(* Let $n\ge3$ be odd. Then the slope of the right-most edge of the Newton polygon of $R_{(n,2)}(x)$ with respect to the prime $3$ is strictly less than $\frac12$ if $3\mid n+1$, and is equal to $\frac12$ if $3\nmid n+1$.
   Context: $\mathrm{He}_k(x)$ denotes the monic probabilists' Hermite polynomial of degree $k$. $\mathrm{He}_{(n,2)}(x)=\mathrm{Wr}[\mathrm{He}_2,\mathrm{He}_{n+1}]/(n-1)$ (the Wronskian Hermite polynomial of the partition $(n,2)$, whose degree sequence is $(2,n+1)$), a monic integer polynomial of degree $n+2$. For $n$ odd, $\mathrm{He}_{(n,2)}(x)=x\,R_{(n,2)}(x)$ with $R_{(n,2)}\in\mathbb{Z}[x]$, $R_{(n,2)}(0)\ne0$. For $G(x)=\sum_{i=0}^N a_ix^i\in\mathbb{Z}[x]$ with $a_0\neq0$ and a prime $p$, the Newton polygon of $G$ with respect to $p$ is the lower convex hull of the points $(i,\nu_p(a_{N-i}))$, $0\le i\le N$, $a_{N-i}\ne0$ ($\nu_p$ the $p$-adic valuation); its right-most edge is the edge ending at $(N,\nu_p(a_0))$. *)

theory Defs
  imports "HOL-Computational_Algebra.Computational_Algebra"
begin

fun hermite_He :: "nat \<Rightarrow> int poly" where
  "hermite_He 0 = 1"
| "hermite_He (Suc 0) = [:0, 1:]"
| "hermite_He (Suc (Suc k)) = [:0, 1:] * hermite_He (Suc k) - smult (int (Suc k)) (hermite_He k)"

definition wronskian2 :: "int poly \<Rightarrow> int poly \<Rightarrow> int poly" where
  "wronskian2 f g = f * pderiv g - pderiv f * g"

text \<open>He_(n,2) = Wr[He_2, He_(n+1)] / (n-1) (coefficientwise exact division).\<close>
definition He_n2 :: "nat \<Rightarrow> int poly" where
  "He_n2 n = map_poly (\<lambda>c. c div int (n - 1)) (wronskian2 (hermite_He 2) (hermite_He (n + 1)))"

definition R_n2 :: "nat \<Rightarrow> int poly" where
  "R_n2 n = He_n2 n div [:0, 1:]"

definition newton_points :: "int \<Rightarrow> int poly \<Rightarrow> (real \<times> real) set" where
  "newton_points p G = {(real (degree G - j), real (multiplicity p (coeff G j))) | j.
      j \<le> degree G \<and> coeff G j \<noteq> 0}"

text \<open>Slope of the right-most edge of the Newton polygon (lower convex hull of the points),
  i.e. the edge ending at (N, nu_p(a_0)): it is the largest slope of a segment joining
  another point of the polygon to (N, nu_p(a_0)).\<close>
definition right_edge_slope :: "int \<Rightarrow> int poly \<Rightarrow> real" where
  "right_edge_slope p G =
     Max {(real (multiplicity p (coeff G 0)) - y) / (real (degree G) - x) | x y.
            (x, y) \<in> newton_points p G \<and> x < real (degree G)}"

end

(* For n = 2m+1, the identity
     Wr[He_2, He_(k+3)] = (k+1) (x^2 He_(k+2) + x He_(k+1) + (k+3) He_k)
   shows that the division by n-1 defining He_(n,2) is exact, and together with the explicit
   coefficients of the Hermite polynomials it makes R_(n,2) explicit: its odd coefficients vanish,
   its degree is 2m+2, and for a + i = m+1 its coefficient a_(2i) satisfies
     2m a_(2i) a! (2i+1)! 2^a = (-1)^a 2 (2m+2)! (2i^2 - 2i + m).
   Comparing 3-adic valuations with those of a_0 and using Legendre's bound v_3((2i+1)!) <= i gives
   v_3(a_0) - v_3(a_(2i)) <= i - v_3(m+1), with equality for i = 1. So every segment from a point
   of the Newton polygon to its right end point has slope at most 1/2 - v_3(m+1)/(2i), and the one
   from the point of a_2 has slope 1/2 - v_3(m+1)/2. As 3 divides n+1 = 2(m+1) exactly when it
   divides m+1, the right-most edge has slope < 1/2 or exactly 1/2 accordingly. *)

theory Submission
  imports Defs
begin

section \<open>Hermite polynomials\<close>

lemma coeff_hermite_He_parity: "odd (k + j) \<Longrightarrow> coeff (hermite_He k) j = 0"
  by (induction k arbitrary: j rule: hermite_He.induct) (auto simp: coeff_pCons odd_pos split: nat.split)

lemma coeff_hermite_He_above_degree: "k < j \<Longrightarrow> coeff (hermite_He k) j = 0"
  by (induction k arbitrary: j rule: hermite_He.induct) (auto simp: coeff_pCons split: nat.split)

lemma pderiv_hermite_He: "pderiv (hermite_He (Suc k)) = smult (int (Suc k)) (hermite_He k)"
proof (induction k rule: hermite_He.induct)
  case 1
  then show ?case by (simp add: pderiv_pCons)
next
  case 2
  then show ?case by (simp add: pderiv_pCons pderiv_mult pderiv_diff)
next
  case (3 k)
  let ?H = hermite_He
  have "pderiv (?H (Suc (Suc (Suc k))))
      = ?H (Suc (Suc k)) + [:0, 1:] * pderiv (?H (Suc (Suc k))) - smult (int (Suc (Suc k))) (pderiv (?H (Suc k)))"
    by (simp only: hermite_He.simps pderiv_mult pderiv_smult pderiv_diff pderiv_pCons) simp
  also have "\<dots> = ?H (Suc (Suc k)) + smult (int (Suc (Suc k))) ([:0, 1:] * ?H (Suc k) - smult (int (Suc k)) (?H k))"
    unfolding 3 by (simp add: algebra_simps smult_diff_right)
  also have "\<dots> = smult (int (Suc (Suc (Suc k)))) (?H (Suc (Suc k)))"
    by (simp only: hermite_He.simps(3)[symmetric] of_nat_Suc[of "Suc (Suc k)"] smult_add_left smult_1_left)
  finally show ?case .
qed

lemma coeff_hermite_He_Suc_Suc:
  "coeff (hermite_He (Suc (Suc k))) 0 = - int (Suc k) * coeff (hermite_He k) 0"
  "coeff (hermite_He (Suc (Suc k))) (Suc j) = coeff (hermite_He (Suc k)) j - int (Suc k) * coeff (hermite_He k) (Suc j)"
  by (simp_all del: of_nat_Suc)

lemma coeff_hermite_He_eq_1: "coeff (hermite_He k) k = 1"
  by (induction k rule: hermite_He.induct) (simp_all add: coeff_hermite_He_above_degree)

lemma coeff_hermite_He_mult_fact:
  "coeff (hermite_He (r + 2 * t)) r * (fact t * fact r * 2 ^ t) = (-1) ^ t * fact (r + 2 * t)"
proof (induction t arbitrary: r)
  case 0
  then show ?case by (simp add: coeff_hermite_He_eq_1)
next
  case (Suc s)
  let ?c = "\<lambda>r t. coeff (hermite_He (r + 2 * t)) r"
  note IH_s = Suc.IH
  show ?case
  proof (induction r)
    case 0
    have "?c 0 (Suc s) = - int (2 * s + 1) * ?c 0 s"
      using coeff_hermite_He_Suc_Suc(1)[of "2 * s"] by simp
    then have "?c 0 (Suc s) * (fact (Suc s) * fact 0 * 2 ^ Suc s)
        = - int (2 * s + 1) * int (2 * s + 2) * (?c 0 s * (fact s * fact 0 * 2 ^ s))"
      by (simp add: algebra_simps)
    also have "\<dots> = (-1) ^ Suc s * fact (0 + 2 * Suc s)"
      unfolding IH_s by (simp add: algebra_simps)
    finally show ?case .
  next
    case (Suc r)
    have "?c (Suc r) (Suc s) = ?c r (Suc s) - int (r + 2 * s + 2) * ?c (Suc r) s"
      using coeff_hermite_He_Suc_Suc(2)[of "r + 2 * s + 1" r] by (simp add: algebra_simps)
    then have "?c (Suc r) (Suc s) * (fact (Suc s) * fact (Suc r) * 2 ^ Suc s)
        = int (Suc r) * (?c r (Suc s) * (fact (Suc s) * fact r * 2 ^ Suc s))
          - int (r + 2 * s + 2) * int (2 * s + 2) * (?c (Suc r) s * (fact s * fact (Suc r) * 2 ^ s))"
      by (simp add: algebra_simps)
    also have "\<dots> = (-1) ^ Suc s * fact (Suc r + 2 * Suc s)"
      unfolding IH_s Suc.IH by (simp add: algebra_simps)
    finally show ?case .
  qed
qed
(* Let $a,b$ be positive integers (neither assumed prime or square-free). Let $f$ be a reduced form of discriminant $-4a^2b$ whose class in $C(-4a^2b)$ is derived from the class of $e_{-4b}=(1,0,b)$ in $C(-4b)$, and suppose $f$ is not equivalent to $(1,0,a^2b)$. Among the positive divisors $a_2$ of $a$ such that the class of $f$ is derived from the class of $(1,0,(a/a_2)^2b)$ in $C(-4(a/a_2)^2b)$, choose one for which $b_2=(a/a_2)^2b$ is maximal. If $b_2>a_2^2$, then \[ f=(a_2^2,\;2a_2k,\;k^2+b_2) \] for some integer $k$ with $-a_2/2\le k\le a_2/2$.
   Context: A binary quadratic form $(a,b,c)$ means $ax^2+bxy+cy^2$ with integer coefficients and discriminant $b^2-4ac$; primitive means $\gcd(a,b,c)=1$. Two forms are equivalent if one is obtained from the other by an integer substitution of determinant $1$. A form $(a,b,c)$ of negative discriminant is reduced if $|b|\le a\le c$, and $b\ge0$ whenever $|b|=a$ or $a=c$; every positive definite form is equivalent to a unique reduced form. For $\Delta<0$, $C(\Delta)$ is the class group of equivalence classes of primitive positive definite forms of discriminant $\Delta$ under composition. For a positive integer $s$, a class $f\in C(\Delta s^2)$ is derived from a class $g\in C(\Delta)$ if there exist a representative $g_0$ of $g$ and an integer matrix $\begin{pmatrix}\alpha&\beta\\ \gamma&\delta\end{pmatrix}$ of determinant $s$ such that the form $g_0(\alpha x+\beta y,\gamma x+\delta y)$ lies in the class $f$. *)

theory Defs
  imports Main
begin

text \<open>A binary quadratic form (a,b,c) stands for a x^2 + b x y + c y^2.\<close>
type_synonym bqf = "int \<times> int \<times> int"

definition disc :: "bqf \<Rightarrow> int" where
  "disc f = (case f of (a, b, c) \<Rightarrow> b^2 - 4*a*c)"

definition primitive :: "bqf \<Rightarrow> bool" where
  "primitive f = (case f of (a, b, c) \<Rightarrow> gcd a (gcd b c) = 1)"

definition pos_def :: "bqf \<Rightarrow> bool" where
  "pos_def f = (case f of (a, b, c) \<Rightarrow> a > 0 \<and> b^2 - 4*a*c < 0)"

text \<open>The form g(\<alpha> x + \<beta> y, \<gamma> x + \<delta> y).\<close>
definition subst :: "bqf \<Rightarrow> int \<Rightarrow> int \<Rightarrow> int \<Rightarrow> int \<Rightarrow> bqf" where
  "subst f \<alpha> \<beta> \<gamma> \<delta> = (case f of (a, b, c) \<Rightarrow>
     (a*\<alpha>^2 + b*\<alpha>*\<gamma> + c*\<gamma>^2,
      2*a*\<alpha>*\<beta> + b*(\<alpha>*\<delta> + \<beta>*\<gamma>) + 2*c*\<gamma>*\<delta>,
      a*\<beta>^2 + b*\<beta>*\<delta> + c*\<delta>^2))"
◆ ◆ ◆ ◆
Task goal:
All that is wanted is a faithful reproduction of the line above with "text \<open>The form", the line with "2*a*\<alpha>*\<beta> + b*(\<alpha>*\<delta>", and every line in between.

Your solution:
text \<open>The form g(\<alpha> x + \<beta> y, \<gamma> x + \<delta> y).\<close>
definition subst :: "bqf \<Rightarrow> int \<Rightarrow> int \<Rightarrow> int \<Rightarrow> int \<Rightarrow> bqf" where
  "subst f \<alpha> \<beta> \<gamma> \<delta> = (case f of (a, b, c) \<Rightarrow>
     (a*\<alpha>^2 + b*\<alpha>*\<gamma> + c*\<gamma>^2,
      2*a*\<alpha>*\<beta> + b*(\<alpha>*\<delta> + \<beta>*\<gamma>) + 2*c*\<gamma>*\<delta>,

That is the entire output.